The new horror film “Prey for the Devil” (released in theaters Oct. 28) is set at a Vatican-run school for exorcists, reopened after a global rising demand for exorcisms. The film follows Sister Ann (Jacqueline Byers), a nun with a troubled past who longs to be trained in the art of expelling demons. I watched it, if only to ensure that you don’t have to. Here are some questions I had while watching it.

1. What in the proverbial hell does the title even mean? Quite obviously, it implies that victims of exorcism are prey for the devil, like gazelles are to lions or neighborhood cats are to pit bulls. But I have the sinking suspicion that it is also a pun for “pray for the devil,” which neither the Church asks for or Satan even wants. Puns are coincidentally also like pit bulls; I cross the street if I see one coming.

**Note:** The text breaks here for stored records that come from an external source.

lemma closed_path_edge:
  assumes "closed_path k ws" "(v, w) \<in> set (zip ws (tl ws))"
  shows "v \<noteq> w" "v \<le> k" "w \<le> k"
proof -
  obtain t where "v = ws ! t" "w = ws ! Suc t" "Suc t < length ws"
    using assms(2) by (auto simp: in_set_zip nth_tl)
  then show "v \<noteq> w" "v \<le> k" "w \<le> k"
    using assms(1) by (auto simp: closed_path_def)
qed

section \<open>The inverse monoid \<open>M(X,P)\<close>\<close>

context
  fixes pdim :: "'p \<Rightarrow> nat" and bface :: "('x,'p) bcell \<Rightarrow> nat \<Rightarrow> ('x,'p) bcell"
begin

abbreviation mcong_rel :: "('x,'p) word \<Rightarrow> ('x,'p) word \<Rightarrow> bool" (infix "\<approx>" 50)
  where "u \<approx> v \<equiv> mcong pdim bface u v"

abbreviation idempotent :: "('x,'p) word \<Rightarrow> bool"
  where "idempotent e \<equiv> e @ e \<approx> e"

lemmas [trans] = mcong.trans[of pdim bface]

lemma mcong_ctx_eqI: "u \<approx> v \<Longrightarrow> x = a @ u @ b \<Longrightarrow> y = a @ v @ b \<Longrightarrow> x \<approx> y"
  by (simp add: mcong.ctx)

lemma mcong_append: "u \<approx> u' \<Longrightarrow> v \<approx> v' \<Longrightarrow> u @ v \<approx> u' @ v'"
  by (rule mcong.trans[OF mcong_ctx_eqI[of u u' _ "[]" v] mcong_ctx_eqI[of v v' _ u' "[]"]]) auto

lemma mcong_inv1_prefix: "u @ winv u @ u @ b \<approx> u @ b"
  using mcong_ctx_eqI[OF mcong.inv1[of pdim bface u], of _ "[]" b] by simp
lemma incseq_unbounded_segment:
  fixes t :: "nat \<Rightarrow> real"
  assumes "incseq t" and "filterlim t at_top sequentially" and "t K \<le> s"
  obtains k where "K \<le> k" and "s \<in> {t k..t (Suc k)}"
proof -
  have "\<exists>n. s < t n"
    using assms(2) by (auto simp: filterlim_at_top_dense eventually_sequentially)
  define n where "n = (LEAST n. s < t n)"
  have "s < t n"
    unfolding n_def using \<open>\<exists>n. s < t n\<close> by (rule LeastI_ex)
  have "K < n"
    using \<open>s < t n\<close> assms(1,3) by (meson incseq_def le_less_trans not_le)
  then obtain k where k: "n = Suc k"
    using not0_implies_Suc by fastforce
  have "\<not> s < t k"
    using not_less_Least[of k "\<lambda>n. s < t n"] k unfolding n_def by simp
  with \<open>s < t n\<close> \<open>K < n\<close> k show ?thesis
    by (intro that[of k]) auto
qed

locale performance_trigger =
  fixes A :: "real^'n^'n" and B :: "real^'m^'n"
    and Q :: "real^'n^'n" and R :: "real^'m^'m" and P :: "real^'n^'n"
    and \<alpha> :: real and t :: "nat \<Rightarrow> real" and F :: "nat \<Rightarrow> real^'n^'m"
    and x :: "real \<Rightarrow> real^'n"
  assumes Q: "pos_def Q" and R: "pos_def R" and P: "pos_def P"
    and t_less: "\<And>k. t k < t (Suc k)"
    and t_unbounded: "filterlim t at_top sequentially"
    and ode: "\<And>k s. s \<in> {t k..t (Suc k)} \<Longrightarrow>
       (x has_vector_derivative (A *v x s + B *v (F k *v x (t k)))) (at s within {t k..t (Suc k)})"
    and \<alpha>_pos: "\<alpha> > 0"
    and trigger: "\<And>k \<xi>. \<xi> \<in> {0..t (Suc k) - t k} \<Longrightarrow>
       stage_cost Q R x (t k) (F k) \<xi> \<le> \<alpha> * (quadf P (x (t k)) - quadf P (x (t k + \<xi>)))"
begin
definition unit_scalars :: "complex mat set" where
  "unit_scalars = {u \<cdot>\<^sub>m 1\<^sub>m 5 | u. u \<in> Eis_units}"

definition PGamma :: "complex mat set monoid" where
  "PGamma = Gamma Mod unit_scalars"

definition cline :: "complex vec \<Rightarrow> complex vec set" where
  "cline v = {c \<cdot>\<^sub>v v | c. True}"

definition CH4 :: "complex vec set set" where
  "CH4 = {cline v | v. v \<in> carrier_vec 5 \<and> Re (herm v v) < 0}"

definition xi :: "nat \<Rightarrow> complex vec \<Rightarrow> complex vec" where
  "xi j x = vec 5 (\<lambda>i. if i < 5 - j then cnj (x $ i) else - cnj (x $ i))"

definition H4 :: "nat \<Rightarrow> complex vec set set" where
  "H4 j = {L \<in> CH4. xi j ` L = L}"

definition act_line :: "complex mat \<Rightarrow> complex vec set \<Rightarrow> complex vec set" where
  "act_line M L = (\<lambda>x. M *\<^sub>v x) ` L"

text \<open>Stabilizer of \<open>H^4_j\<close> in \<open>P\<Gamma>\<close> (an element is a coset of unit scalars; all its
  representatives act identically on lines).\<close>
definition PGammaR :: "nat \<Rightarrow> complex mat set monoid" where
  "PGammaR j = PGamma\<lparr>carrier := {C \<in> carrier PGamma.
      \<forall>M \<in> C. act_line M ` H4 j = H4 j}\<rparr>"
lemma mult_ln_squared_le_small:
  fixes x N :: real
  assumes N: "2 \<le> N" and x: "0 < x" "x \<le> 1 / N\<^sup>2"
  shows "x * (ln x)\<^sup>2 \<le> 8 * (ln N)\<^sup>2 / N\<^sup>2"
proof -
  define L where "L = ln N"
  define y where "y = x * N\<^sup>2"
  have "ln 2 \<le> L" using N by (simp add: L_def)
  hence L: "65/100 \<le> L" using ln_two_ge by linarith
  have y: "0 < y" "y \<le> 1" using x N by (auto simp: y_def field_simps)
  \<comment> \<open>\<open>ln (1/x) = 2 L + ln (1/y)\<close> with both summands nonnegative\<close>
  have "x * (ln x)\<^sup>2 = (y * (4 * L\<^sup>2) + 4 * L * (y * ln (1/y)) + y * (ln (1/y))\<^sup>2) / N\<^sup>2"
    using N y by (simp add: y_def L_def ln_mult ln_div ln_realpow power2_eq_square field_simps)
  also have "\<dots> \<le> (4 * L\<^sup>2 + 4 * L * (1 / exp 1) + 4 / (exp 1)\<^sup>2) / N\<^sup>2"
    using y L mult_ln_inverse_le[of y] mult_ln_inverse_squared_le[of y]
    by (intro divide_right_mono add_mono mult_left_mono) auto
  also have "\<dots> \<le> 8 * L\<^sup>2 / N\<^sup>2"
    using inverse_exp_one_bound[OF L] by (intro divide_right_mono) (simp_all add: power_divide)
  finally show ?thesis by (simp add: L_def)
qed

lemma mult_ln_squared_le:
  fixes x N :: real
  assumes "2 \<le> N" "0 \<le> x" "x \<le> 1"
  shows "x * (ln x)\<^sup>2 \<le> 4 * (ln N)\<^sup>2 * x + 8 * (ln N)\<^sup>2 / N\<^sup>2"
proof -
  have "0 \<le> 4 * (ln N)\<^sup>2 * x" "0 \<le> 8 * (ln N)\<^sup>2 / N\<^sup>2" using assms by simp_all
  moreover have "x * (ln x)\<^sup>2 \<le> 4 * (ln N)\<^sup>2 * x \<or> x * (ln x)\<^sup>2 \<le> 8 * (ln N)\<^sup>2 / N\<^sup>2"
    using assms mult_ln_squared_le_large[of N x] mult_ln_squared_le_small[of N x]
    by (cases "x = 0"; cases "1 / N\<^sup>2 \<le> x") auto
  ultimately show ?thesis by linarith
qed
definition trans :: "nat \<Rightarrow> (int \<Rightarrow> int \<Rightarrow> nat \<Rightarrow> nat \<Rightarrow> real) \<Rightarrow> state \<Rightarrow> state \<Rightarrow> real" where
  "trans s0 A y y' = (case y of (x1, x2, j) \<Rightarrow> case y' of (x1', x2', j') \<Rightarrow>
     (if \<bar>x1' - x1\<bar> \<le> 1 \<and> \<bar>x2' - x2\<bar> \<le> 1 \<and> j \<in> {1..s0} \<and> j' \<in> {1..s0}
      then A (x1' - x1) (x2' - x2) j j' else 0))"

definition nbrs :: "nat \<Rightarrow> state \<Rightarrow> state set" where
  "nbrs s0 y = (case y of (x1, x2, j) \<Rightarrow>
     {(x1 + k, x2 + l, j') | k l j'. k \<in> {-1, 0, 1} \<and> l \<in> {-1, 0, 1} \<and> j' \<in> {1..s0}})"

fun nstep :: "nat \<Rightarrow> (int \<Rightarrow> int \<Rightarrow> nat \<Rightarrow> nat \<Rightarrow> real) \<Rightarrow> nat \<Rightarrow> state \<Rightarrow> state \<Rightarrow> real" where
  "nstep s0 A 0 y y' = (if y = y' then 1 else 0)"
| "nstep s0 A (Suc n) y y' = (\<Sum>z\<in>nbrs s0 y. trans s0 A y z * nstep s0 A n z y')"

text \<open>Taboo n-step probabilities P(Y_1,...,Y_n in S_+, Y_n = y' | Y_0 = y), for y in S_+,
  i.e. P(Y_n = y', tau > n | Y_0 = y).\<close>
fun taboo :: "nat \<Rightarrow> (int \<Rightarrow> int \<Rightarrow> nat \<Rightarrow> nat \<Rightarrow> real) \<Rightarrow> nat \<Rightarrow> state \<Rightarrow> state \<Rightarrow> real" where
  "taboo s0 A 0 y y' = (if y = y' then 1 else 0)"
| "taboo s0 A (Suc n) y y' = (\<Sum>z\<in>nbrs s0 y \<inter> S_plus s0. trans s0 A y z * taboo s0 A n z y')"

text \<open>Occupation measure q~_{y,y'} = E(sum_{n<tau} 1(Y_n = y') | Y_0 = y)
  = sum_n P(Y_n = y', tau > n | Y_0 = y)  (valued in [0, \<infinity>]).\<close>
definition qtilde :: "nat \<Rightarrow> (int \<Rightarrow> int \<Rightarrow> nat \<Rightarrow> nat \<Rightarrow> real) \<Rightarrow> state \<Rightarrow> state \<Rightarrow> ennreal" where
  "qtilde s0 A y y' = (\<Sum>n. ennreal (taboo s0 A n y y'))"

definition irreducible_chain :: "nat \<Rightarrow> (int \<Rightarrow> int \<Rightarrow> nat \<Rightarrow> nat \<Rightarrow> real) \<Rightarrow> bool" where
  "irreducible_chain s0 A \<longleftrightarrow>
     (\<forall>y\<in>S_all s0. \<forall>y'\<in>S_all s0. \<exists>n. nstep s0 A n y y' > 0)"

definition aperiodic_chain :: "nat \<Rightarrow> (int \<Rightarrow> int \<Rightarrow> nat \<Rightarrow> nat \<Rightarrow> real) \<Rightarrow> bool" where
  "aperiodic_chain s0 A \<longleftrightarrow>
     (\<forall>y\<in>S_all s0. Gcd {n. 0 < n \<and> nstep s0 A n y y > 0} = 1)"

definition Astar :: "(int \<Rightarrow> int \<Rightarrow> nat \<Rightarrow> nat \<Rightarrow> real) \<Rightarrow> nat \<Rightarrow> nat \<Rightarrow> real" where
  "Astar A j j' = (\<Sum>k\<in>{-1,0,1}. \<Sum>l\<in>{-1,0,1}. A k l j j')"

definition drift1 :: "nat \<Rightarrow> (int \<Rightarrow> int \<Rightarrow> nat \<Rightarrow> nat \<Rightarrow> real) \<Rightarrow> (nat \<Rightarrow> real) \<Rightarrow> real" where
  "drift1 s0 A \<pi> = (\<Sum>j\<in>{1..s0}. \<pi> j * (\<Sum>j'\<in>{1..s0}. \<Sum>l\<in>{-1,0,1}. A 1 l j j' - A (-1) l j j'))"

definition drift2 :: "nat \<Rightarrow> (int \<Rightarrow> int \<Rightarrow> nat \<Rightarrow> nat \<Rightarrow> real) \<Rightarrow> (nat \<Rightarrow> real) \<Rightarrow> real" where
  "drift2 s0 A \<pi> = (\<Sum>j\<in>{1..s0}. \<pi> j * (\<Sum>j'\<in>{1..s0}. \<Sum>k\<in>{-1,0,1}. A k 1 j j' - A k (-1) j j'))"

end

theory Submission
  imports Defs
begin

text \<open>
  A Foster-Lyapunov argument. Suppose a_1 < 0 (the case a_2 < 0 is symmetric) and let d(j) be
  the mean increment of X_1 in one step from phase j, so that a_1 is the \<pi>-average of d. If
  h solves the Poisson equation h - A_{*,*} h = d - a_1 up to an error -a_1/2, then f(x_1, x_2,
  j) = x_1 + h(j) + c decreases in expectation by at least -a_1/2 at every step taken inside
  S_+, which gives E(\<tau> | Y_0 = y) \<le> 2 f(y) / (-a_1). An approximate solution h is a
  Cesaro mean of the partial sums of \<Sum>_n A_{*,*}^n (d - a_1); its error is small because a
  mean-zero function that is nearly invariant under an irreducible stochastic matrix is nearly
  zero. Irreducibility of the background chain is inherited from the walk.
\<close>

lemma trans_nonneg:
  assumes "\<And>k l j j'. k \<in> {-1,0,1} \<Longrightarrow> l \<in> {-1,0,1} \<Longrightarrow> j \<in> {1..s0} \<Longrightarrow>
             j' \<in> {1..s0} \<Longrightarrow> 0 \<le> A k l j j'"
  shows "0 \<le> trans s0 A y z"
proof (cases y, cases z)
  fix x1 x2 j x1' x2' j'
  assume yz: "y = (x1, x2, j)" "z = (x1', x2', j')"
  have unit: "\<bar>a\<bar> \<le> 1 \<Longrightarrow> a \<in> {-1,0,1}" for a :: int by auto
  show ?thesis
    using assms[of "x1' - x1" "x2' - x2" j j'] unit[of "x1' - x1"] unit[of "x2' - x2"]
    by (auto simp: trans_def yz)
qed

lemma nbrs_eq:
  "nbrs s0 (x1, x2, j) = (\<lambda>(k, l, j'). (x1 + k, x2 + l, j')) ` ({-1,0,1} \<times> {-1,0,1} \<times> {1..s0})"
  unfolding nbrs_def by (auto simp: image_iff)

lemma finite_nbrs: "finite (nbrs s0 y)"
  by (cases y) (simp add: nbrs_eq)

lemma sum_nbrs_trans:
  assumes j: "j \<in> {1..s0}"
  shows "(\<Sum>z\<in>nbrs s0 (x1, x2, j). trans s0 A (x1, x2, j) z * F z) =
    (\<Sum>k\<in>{-1,0,1}. \<Sum>l\<in>{-1,0,1}. \<Sum>j'\<in>{1..s0}. A k l j j' * F (x1 + k, x2 + l, j'))"
proof -
  let ?D = "{-1,0,1::int} \<times> {-1,0,1::int} \<times> {1..s0}"
  have inj: "inj_on (\<lambda>(k, l, j'). (x1 + k, x2 + l, j')) ?D"
    by (auto simp: inj_on_def)
  have trans_step: "trans s0 A (x1, x2, j) (x1 + k, x2 + l, j') = A k l j j'" if "(k, l, j') \<in> ?D" for k l j'
    using that j by (auto simp: trans_def)
  have "(\<Sum>z\<in>nbrs s0 (x1, x2, j). trans s0 A (x1, x2, j) z * F z) =
      (\<Sum>(k, l, j')\<in>?D. A k l j j' * F (x1 + k, x2 + l, j'))"
    unfolding nbrs_eq sum.reindex[OF inj]
  proof (rule sum.cong[OF refl])
    fix x assume "x \<in> ?D"
    then show "((\<lambda>z. trans s0 A (x1, x2, j) z * F z) \<circ> (\<lambda>(k, l, j'). (x1 + k, x2 + l, j'))) x =
        (case x of (k, l, j') \<Rightarrow> A k l j j' * F (x1 + k, x2 + l, j'))"
      by (cases x) (simp only: trans_step comp_apply prod.case)
  qed
  then show ?thesis
    by (simp add: sum.cartesian_product)
qed

lemma sum_A_eq_Astar:
  "(\<Sum>k\<in>{-1,0,1}. \<Sum>l\<in>{-1,0,1}. \<Sum>j'\<in>{1..s0}. A k l j j' * X j') = (\<Sum>j'\<in>{1..s0}. Astar A j j' * X j')"
  unfolding Astar_def sum_distrib_right by (simp add: sum.distrib)

lemma taboo_nonneg:
  assumes "\<And>y z. 0 \<le> trans s0 A y z"
  shows "0 \<le> taboo s0 A n y y'"
  using assms by (induction n arbitrary: y) (auto intro!: sum_nonneg)

lemma taboo_occupation_le_Lyapunov:
  assumes trans_nonneg: "\<And>y z. 0 \<le> trans s0 A y z"
    and eps: "0 < \<epsilon>" and F: "finite F"
    and f_nonneg: "\<And>y. y \<in> S_plus s0 \<Longrightarrow> 0 \<le> f y"
    and f_drift: "\<And>y. y \<in> S_plus s0 \<Longrightarrow> \<epsilon> + (\<Sum>z\<in>nbrs s0 y \<inter> S_plus s0. trans s0 A y z * f z) \<le> f y"
    and y: "y \<in> S_plus s0"
  shows "\<epsilon> * (\<Sum>n<N. \<Sum>y'\<in>F. taboo s0 A n y y') \<le> f y"
  using y
proof (induction N arbitrary: y)
  case 0
  then show ?case using f_nonneg by simp
next
  case (Suc N)
  let ?Z = "nbrs s0 y \<inter> S_plus s0"
  let ?T = "\<lambda>z. \<Sum>n<N. \<Sum>y'\<in>F. taboo s0 A n z y'"
  have "(\<Sum>n<Suc N. \<Sum>y'\<in>F. taboo s0 A n y y') =
      (\<Sum>y'\<in>F. taboo s0 A 0 y y') + (\<Sum>n<N. \<Sum>y'\<in>F. taboo s0 A (Suc n) y y')"
    by (rule sum.lessThan_Suc_shift)
  also have "(\<Sum>y'\<in>F. taboo s0 A 0 y y') \<le> 1"
    using F by (simp add: sum.delta)
  also have "(\<Sum>n<N. \<Sum>y'\<in>F. taboo s0 A (Suc n) y y') = (\<Sum>z\<in>?Z. trans s0 A y z * ?T z)"
    by (simp add: sum_distrib_left sum.swap[of _ ?Z])
  finally have "\<epsilon> * (\<Sum>n<Suc N. \<Sum>y'\<in>F. taboo s0 A n y y') \<le>
      \<epsilon> * (1 + (\<Sum>z\<in>?Z. trans s0 A y z * ?T z))"
    using eps by (simp add: mult_left_mono)
  also have "\<dots> = \<epsilon> + (\<Sum>z\<in>?Z. trans s0 A y z * (\<epsilon> * ?T z))"
    by (simp add: distrib_left sum_distrib_left mult.left_commute)
  also have "\<dots> \<le> \<epsilon> + (\<Sum>z\<in>?Z. trans s0 A y z * f z)"
    using Suc.IH by (intro add_left_mono sum_mono mult_left_mono trans_nonneg) auto
  also have "\<dots> \<le> f y"
    using f_drift[OF Suc.prems] .
  finally show ?case .
qed
(* Let $(C,\mathbf A)$ be an $\mathbf a$-output-stable pair ($C\in\mathcal L(\mathcal X,\mathcal Y)$, $\mathbf A\in\mathcal L(\mathcal X)^d$) and let $\mathcal G^{\mathbf a}_{C,\mathbf A}$ be its abelianized observability gramian. Then $$\mathcal G^{\mathbf a}_{C,\mathbf A}-A_1^*\mathcal G^{\mathbf a}_{C,\mathbf A}A_1-\cdots-A_d^*\mathcal G^{\mathbf a}_{C,\mathbf A}A_d\le C^*C.$$ Moreover, the following are equivalent: (1) equality holds in this inequality; (2) $\mathbf A$ is $C$-abelian, i.e. $C\mathbf A^v=C\mathbf A^u$ whenever $u,v\in\mathcal F_d$ with $\mathbf a(v)=\mathbf a(u)$; (3) $\mathcal G^{\mathbf a}_{C,\mathbf A}=\mathcal G_{C,\mathbf A}$.
   Context: $\mathcal F_d$: free semigroup of words on $\{1,\dots,d\}$; for $v=i_N\cdots i_1$, $\mathbf A^v=A_{i_N}\cdots A_{i_1}$. The abelianization map $\mathbf a\colon\mathcal F_d\to\mathbb Z^d_+$ sends $i_N\cdots i_1$ to $(n_1,\dots,n_d)$ with $n_k=\#\{\ell:i_\ell=k\}$. For $\mathbf n\in\mathbb Z^d_+$: $|\mathbf n|=n_1+\cdots+n_d$, $\mathbf n!=n_1!\cdots n_d!$, $\boldsymbol\lambda^{\mathbf n}=\lambda_1^{n_1}\cdots\lambda_d^{n_d}$. The Arveson space $\mathcal H_{\mathcal Y}(k_d)$ consists of power series $f(\boldsymbol\lambda)=\sum_{\mathbf n}f_{\mathbf n}\boldsymbol\lambda^{\mathbf n}$ ($f_{\mathbf n}\in\mathcal Y$) with $\|f\|^2=\sum_{\mathbf n}\frac{\mathbf n!}{|\mathbf n|!}\|f_{\mathbf n}\|^2<\infty$ (reproducing kernel $1/(1-\langle\boldsymbol\lambda,\boldsymbol\zeta\rangle)$ on the unit ball of $\mathbb C^d$). $(C,\mathbf A)$ is $\mathbf a$-output-stable if $\widehat{\mathcal O}^{\mathbf a}_{C,\mathbf A}\colon x\mapsto\sum_{\mathbf n}\big(\sum_{v\in\mathbf a^{-1}(\mathbf n)}C\mathbf A^vx\big)\boldsymbol\lambda^{\mathbf n}$ (formally $C(I-\lambda_1A_1-\cdots-\lambda_dA_d)^{-1}x$) maps $\mathcal X$ boundedly into $\mathcal H_{\mathcal Y}(k_d)$; then $\mathcal G^{\mathbf a}_{C,\mathbf A}=(\widehat{\mathcal O}^{\mathbf a}_{C,\mathbf A})^*\widehat{\mathcal O}^{\mathbf a}_{C,\mathbf A}=\sum_{\mathbf n}\frac{\mathbf n!}{|\mathbf n|!}\sum_{u,v\in\mathbf a^{-1}(\mathbf n)}(\mathbf A^v)^*C^*C\mathbf A^u$. The (noncommutative) observability gramian is $\mathcal G_{C,\mathbf A}=\sum_{v\in\mathcal F_d}(\mathbf A^v)^*C^*C\mathbf A^v$ (strong operator sum). *)

theory Defs
  imports "HOL-Analysis.Analysis" "HOL-Library.Complex_Order"
begin
lemma wall_parts_minor:
  assumes wall: "\<And>k. k < 6 \<Longrightarrow> \<exists>p. WallV p \<in> branch k"
  shows "is_minor (K_verts 6) K_edge UNIV (wall_grid_adj R)"
  unfolding is_minor_def K_verts_def
proof (intro exI[of _ "\<lambda>k. {p. WallV p \<in> branch k}"] conjI ballI impI)
  fix k assume "k \<in> {0..<6::nat}"
  then have k: "k < 6" by simp
  show "{p. WallV p \<in> branch k} \<subseteq> UNIV" by simp
  show "connected_set (wall_grid_adj R) {p. WallV p \<in> branch k}"
    unfolding connected_set_def
  proof (intro conjI ballI)
    show "{p. WallV p \<in> branch k} \<noteq> {}" using wall[OF k] by blast
    fix x y assume "x \<in> {p. WallV p \<in> branch k}" "y \<in> {p. WallV p \<in> branch k}"
    then have "(\<lambda>a b. a \<in> branch k \<and> b \<in> branch k \<and> cw_edge R a b)\<^sup>*\<^sup>* (WallV x) (WallV y)"
      using branch_connected[OF k] by (simp add: connected_set_def)
    from walk_to_wall_anchor[OF this]
    show "(\<lambda>a b. a \<in> {p. WallV p \<in> branch k} \<and> b \<in> {p. WallV p \<in> branch k} \<and> wall_grid_adj R a b)\<^sup>*\<^sup>* x y"
      by simp
  qed
next
  fix k l assume kl: "k \<in> {0..<6::nat}" "l \<in> {0..<6::nat}"
  then show "k \<noteq> l \<Longrightarrow> {p. WallV p \<in> branch k} \<inter> {p. WallV p \<in> branch l} = {}"
    using branch_disjoint by auto
  assume "K_edge k l"
  then have kl': "k < 6" "l < 6" "k \<noteq> l" using kl by (auto simp: K_edge_def)
  then obtain u v where uv: "u \<in> branch k" "v \<in> branch l" "cw_edge R u v"
    using branch_adjacent by blast
  obtain xk xl where "WallV xk \<in> branch k" "WallV xl \<in> branch l" using wall kl' by blast
  then have "wall_anchors (branch k) u \<noteq> {}" "wall_anchors (branch l) v \<noteq> {}"
    using wall_anchor_exists branch_connected kl' uv by blast+
  then obtain s s' where s: "s \<in> wall_anchors (branch k) u" "s' \<in> wall_anchors (branch l) v"
    by blast
  moreover have "WallV s \<in> branch k" "WallV s' \<in> branch l"
    using s wall_anchors_subset uv by blast+
  moreover have "s \<noteq> s'"
    using calculation branch_disjoint kl' by blast
  ultimately show "\<exists>a\<in>{p. WallV p \<in> branch k}. \<exists>b\<in>{p. WallV p \<in> branch l}. wall_grid_adj R a b"
    using cw_edge_wall_anchors_adj[OF uv(3)] by blast
qed

text \<open>A branch set avoiding the wall lies inside one gadget.  At most three branch sets reach
  the corners of that gadget, so at least three lie among its four vertices; one of them is
  then a single vertex of degree four, too few for five neighbouring branch sets.\<close>

lemma no_singleton_gadget_branch:
  assumes k: "k < 6" and t: "t < 4"
  shows "branch k \<noteq> {NewV b t}"
proof
  assume single: "branch k = {NewV b t}"
  define M where "M = {..<6} - {k}"
  have "\<forall>l\<in>M. \<exists>u. u \<in> branch l \<and> cw_edge R (NewV b t) u"
    using branch_adjacent[OF k] single by (auto simp: M_def)
  from bchoice[OF this] obtain nb where nb: "\<And>l. l \<in> M \<Longrightarrow> nb l \<in> branch l \<and> cw_edge R (NewV b t) (nb l)"
    by blast
  have "inj_on nb M"
  proof (rule inj_onI)
    fix l l' assume "l \<in> M" "l' \<in> M" "nb l = nb l'"
    then have "nb l \<in> branch l \<inter> branch l'" using nb by fastforce
    then show "l = l'" using branch_disjoint \<open>l \<in> M\<close> \<open>l' \<in> M\<close> by (auto simp: M_def)
  qed
  moreover have "nb ` M \<subseteq> {u. cw_edge R (NewV b t) u}" using nb by blast
  ultimately have "card M \<le> card {u. cw_edge R (NewV b t) u}"
    using gadget_degree[OF t] by (intro card_inj_on_le) auto
  moreover have "card M = 5" using k by (simp add: M_def)
  ultimately show False using gadget_degree[OF t, of R b] by simp
qed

2. How rich do they think the Church is? I have long since come to terms with the fact that people believe the Church has a Scrooge McDuck pool of gold coins in the basement. I know this isn’t true because my Catholic high school football field was comprised mainly of mud and denial.

This is the type of movie where the convent belongs on “Lifestyles of the Rich and Celibate.” The exorcism academy locks up troubling cases of possession behind an elaborate prison of plexiglass and thumbprint scanners. I don’t remember that envelope at the collection.  

3. Why is the exorcist school in Boston? Of course you want close proximity to demons, but that doesn’t mean you set up camp on their front porch. It’s almost as bad of an idea as placing your bureaucracy in the heart of Italy. Is Avignon still taking reservations?

4. What are they wearing? The headmaster priest of the exorcism school wears a rosary about his neck. You, sir, are a man of the cloth, not third in the rotation for the Pittsburgh Pirates.

Our heroine nun only wears her habit while on the clock, tossing it on like a hairnet after punching in for her shift at the nun factory. Indeed, most of the film feels like the director trying to find excuses to show off Jacqueline Byers’ locks. In his defense, it is a very fine head of hair. Flaxen yet healthy, the shade moonlight or perhaps that of a wizened golden retriever.

5. Why are they so furious at the presence of a nun? Sister Ann originally works at school as a nurse but is soon allowed to sit in on classes strictly as an observer. Some priestly classmates are welcoming, others are frothing with rage at this feminine intrusion. But this is 2022, and a nun getting a degree is hardly breaking the stained-glass ceiling. It’s foolish to get mad at a nun getting a doctorate when there are female doctors of the Church.

6. Why haven’t the demons seen any recent movies? The possessions here hit all the familiar beats from “The Exorcist”; scabious faces, scary voices, snapping the spine like a strip mall chiropractor. It’s hard not to stifle a yawn when they crawl across the ceiling. If you’re going to play Spider-Man, then at least have the decency to be Tobey Maguire. I have a theory that demons love “The Exorcist” the same way mobsters love “The Godfather.” Life starts to imitate art as these derivative devils fall back on the old tropes to fill in their gaps of imagination.

7. Do they think priests grow on trees? About four priests meet gnarly ends during their exorcist training. All I could think about was how many parishes they were going to have to consolidate the next day.

8. Why did they waste such a dynamite premise? Hogwarts for exorcists is a fantastic pitch, so it’s baffling that most of the film takes place away from the classrooms. There are a thousand better potential movies ignored so they could create this one. Could you imagine an exorcist frat comedy? Alpha Omega house dropping crusty Dean Monsignor’s Vespa into the baptismal font. The power of Christ compels you to theaters this Friday.

9. What is the hierarchy of sacramental weapons? In their battles with demons, our heroes use a variety of sacramentals to inconsistent results. Crucifixes tend to droop like wilted flowers. Rosaries are more scaldingly productive, which is confusing because a rosary has a teensier crucifix on it. Holy water kicks in only at narrative dead ends. Most sacramentals operate on a Tinkerbell logic, only working if you clap your hands and have faith. But the power of sacramentals comes from God alone. They’re not a ragtag Little League team, they don’t need us to believe in them to reach their potential.

10. Why did I still kind of like this movie, in spite of myself? Unfortunately, if your exorcist academy lobby has a 50-foot-tall statue of St. Michael the Archangel crushing a demon underfoot, I’ll probably have a decent time. It’s a sickness, so while the statue may be made of stone, I’m not.